(* Let $\ell\ge2$, let $\mathcal R$ be an $\ell$-vertex rule with associated graphs $(G(m))_{m\ge0}$ on $[n]$, and fix $0<\alpha\le1$, $D>0$ and an integer $B\ge2$. Let $\mathcal L(\alpha,B,D)$ denote the event that for all integers $0\le m\le n^2$ and \[1\le k\le \min\Bigl\{\frac{\alpha^2e^{-4\ell BD}}{8\ell^2B^2D}\frac{n}{\log n},\ \frac{n}{2B}\Bigr\}\] the following holds: if $M_k^B(m)\ge\alpha n$, then $M_k^B(m+\Delta)>\frac{\alpha}{2B}e^{-2\ell BD}n$ for every integer $0\le\Delta\le D\frac nk$. Then $\Pr(\mathcal L(\alpha,B,D))\ge1-n^{-1}$.
   Context: $\ell$-vertex rule: fix an integer $\ell\ge2$. For each $n$, let $(\underline v_1,\underline v_2,\dots)$ be an i.i.d. sequence, where each $\underline v_m=(v_{m,1},\dots,v_{m,\ell})$ consists of $\ell$ vertices of $[n]$ chosen independently and uniformly at random. There is a filtration $\mathcal F_0\subseteq\mathcal F_1\subseteq\cdots$ such that $\underline v_m$ is $\mathcal F_m$-measurable and independent of $\mathcal F_{m-1}$. An $\ell$-vertex rule is a random sequence of graphs $(G(m))_{m\ge0}$ on $[n]$ such that: (i) $G(0)$ is empty; (ii) for $m\ge1$, $G(m)=G(m-1)\cup E_m$ where $E_m$ is a (possibly empty) $\mathcal F_m$-measurable set of edges each joining two vertices of $\underline v_m$; (iii) if the $\ell$ vertices of $\underline v_m$ lie in $\ell$ distinct components of $G(m-1)$, then $E_m\ne\varnothing$. Notation: $N_{\ge k}(m)$ is the number of vertices of $G(m)$ in components with at least $k$ vertices, and $M_k^B(m)=N_{\ge k}(m)-N_{\ge Bk}(m)$ is the number of vertices in components with between $k$ and $Bk-1$ vertices; $\log$ is the natural logarithm. *)

theory Defs
  imports "HOL-Probability.Probability"
begin

definition vertex_tuples :: "nat \<Rightarrow> nat \<Rightarrow> nat list set" where
  "vertex_tuples n l = {xs. length xs = l \<and> set xs \<subseteq> {1..n}}"

text \<open>A graph is given by its edge set: a set of 2-element vertex sets.\<close>
definition edge_rel :: "nat set set \<Rightarrow> (nat \<times> nat) set" where
  "edge_rel G = {(a, b). {a, b} \<in> G}"

definition comp :: "nat \<Rightarrow> nat set set \<Rightarrow> nat \<Rightarrow> nat set" where
  "comp n G v = {u \<in> {1..n}. (v, u) \<in> (edge_rel G)\<^sup>*}"

definition graph_at :: "(nat \<Rightarrow> 'a \<Rightarrow> nat set set) \<Rightarrow> nat \<Rightarrow> 'a \<Rightarrow> nat set set" where
  "graph_at E m \<omega> = (\<Union>i\<in>{1..m}. E i \<omega>)"

definition N_ge :: "nat \<Rightarrow> nat set set \<Rightarrow> nat \<Rightarrow> nat" where
  "N_ge n G k = card {u \<in> {1..n}. k \<le> card (comp n G u)}"

definition M_kB :: "nat \<Rightarrow> nat set set \<Rightarrow> nat \<Rightarrow> nat \<Rightarrow> int" where
  "M_kB n G k B = int (N_ge n G k) - int (N_ge n G (B * k))"

text \<open>l-vertex rule on [n]: probability space M, filtration F, the random tuples v m
  (m >= 1) and the added edge sets E m (m >= 1).  v m is F m-measurable, uniform on
  [n]^l and independent of F (m-1) (stated explicitly for this discrete variable).\<close>
definition ell_vertex_rule ::
  "'a measure \<Rightarrow> (nat \<Rightarrow> 'a measure) \<Rightarrow> nat \<Rightarrow> nat \<Rightarrow> (nat \<Rightarrow> 'a \<Rightarrow> nat list)
     \<Rightarrow> (nat \<Rightarrow> 'a \<Rightarrow> nat set set) \<Rightarrow> bool" where
  "ell_vertex_rule M F n l v E \<longleftrightarrow>
     prob_space M \<and>
     (\<forall>m. sets (F m) \<subseteq> sets M \<and> space (F m) = space M) \<and>
     (\<forall>i j. i \<le> j \<longrightarrow> sets (F i) \<subseteq> sets (F j)) \<and>
     (\<forall>m\<ge>1. v m \<in> measurable (F m) (count_space UNIV) \<and>
        (\<forall>\<omega>\<in>space M. v m \<omega> \<in> vertex_tuples n l) \<and>
        (\<forall>A\<in>sets (F (m - 1)). \<forall>xs\<in>vertex_tuples n l.
            measure M (A \<inter> {\<omega> \<in> space M. v m \<omega> = xs}) = measure M A / real n ^ l)) \<and>
     (\<forall>m\<ge>1. E m \<in> measurable (F m) (count_space UNIV) \<and>
        (\<forall>\<omega>\<in>space M. E m \<omega> \<subseteq> {{a, b} | a b. a \<in> set (v m \<omega>) \<and> b \<in> set (v m \<omega>) \<and> a \<noteq> b}) \<and>
        (\<forall>\<omega>\<in>space M.
           (\<forall>i<l. \<forall>j<l. i \<noteq> j \<longrightarrow>
              comp n (graph_at E (m - 1) \<omega>) (v m \<omega> ! i) \<noteq> comp n (graph_at E (m - 1) \<omega>) (v m \<omega> ! j))
           \<longrightarrow> E m \<omega> \<noteq> {}))"

end

theory Submission
  imports Defs
begin

text \<open>Fix \<open>m\<close> and \<open>k\<close> and condition on \<open>G(m)\<close>. The tuples chosen in the next
  \<open>T = \<lfloor>D n / k\<rfloor>\<close> steps are independent and uniform, and a vertex whose component has between
  \<open>k\<close> and \<open>B k - 1\<close> vertices keeps its component up to time \<open>m + T\<close> unless one of the chosen
  vertices lies in it.  Each such component is missed by all \<open>l T\<close> chosen vertices with
  probability at least \<open>exp (- 2 l B D)\<close>, so if \<open>M\<^sub>k\<^sup>B(m) \<ge> \<alpha> n\<close> the expected number of untouched
  vertices is at least \<open>\<alpha> n exp (- 2 l B D)\<close>, at least four times the threshold.  Changing one
  tuple changes that number by at most \<open>l B k\<close>, so by McDiarmid's inequality it falls to the
  threshold with probability at most \<open>n\<^sup>-\<^sup>5\<close>; a union bound over the at most \<open>n\<^sup>4\<close> pairs
  \<open>(m, k)\<close> finishes the proof.\<close>

section \<open>McDiarmid's inequality for uniform lists\<close>

lemma Hoeffdings_lemma_pmf_of_set:
  fixes X :: "'b set" and g :: "'b \<Rightarrow> real"
  assumes fin: "finite X" and ne: "X \<noteq> {}" and bnd: "\<And>x. x \<in> X \<Longrightarrow> a \<le> g x \<and> g x \<le> b"
    and l: "l > 0"
  shows "(\<Sum>x\<in>X. exp (l * (g x - (\<Sum>y\<in>X. g y) / card X))) \<le> card X * exp (l\<^sup>2 * (b - a)\<^sup>2 / 8)"
proof -
  interpret interval_bounded_random_variable "measure_pmf (pmf_of_set X)" g a b
    by unfold_locales (use fin ne bnd in \<open>auto simp: AE_measure_pmf_iff\<close>)
  define S where "S = (\<Sum>x\<in>X. exp (l * (g x - (\<Sum>y\<in>X. g y) / card X)))"
  have "nn_integral (measure_pmf (pmf_of_set X)) (\<lambda>x. exp (l * (g x - (\<integral>y. g y \<partial>measure_pmf (pmf_of_set X)))))
          \<le> ennreal (exp (l\<^sup>2 * (b - a)\<^sup>2 / 8))"
    by (rule Hoeffdings_lemma_nn_integral) (rule l)
  also have "(\<integral>y. g y \<partial>measure_pmf (pmf_of_set X)) = (\<Sum>y\<in>X. g y) / card X"
    using fin ne by (simp add: integral_pmf_of_set)
  also have "nn_integral (measure_pmf (pmf_of_set X)) (\<lambda>x. exp (l * (g x - (\<Sum>y\<in>X. g y) / card X)))
               = ennreal (S / card X)"
    using fin ne unfolding S_def
    by (simp add: nn_integral_pmf_of_set ennreal_of_nat_eq_real_of_nat
        divide_ennreal[symmetric] sum_nonneg card_gt_0_iff)
  finally have "S / card X \<le> exp (l\<^sup>2 * (b - a)\<^sup>2 / 8)"
    by (subst (asm) ennreal_le_iff) auto
  thus ?thesis using fin ne by (simp add: S_def field_simps card_gt_0_iff)
qed

definition lists_of_length :: "'b set \<Rightarrow> nat \<Rightarrow> 'b list set" where
  "lists_of_length X N = {xs. set xs \<subseteq> X \<and> length xs = N}"

lemma finite_lists_of_length: "finite X \<Longrightarrow> finite (lists_of_length X N)"
  unfolding lists_of_length_def by (rule finite_lists_length_eq)

lemma card_lists_of_length: "finite X \<Longrightarrow> card (lists_of_length X N) = card X ^ N"
  unfolding lists_of_length_def by (rule card_lists_length_eq)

WHAT YOU WILL DO => The number of lines in the data holding the string "alpha" is the whole answer.

TASK RESULT => 3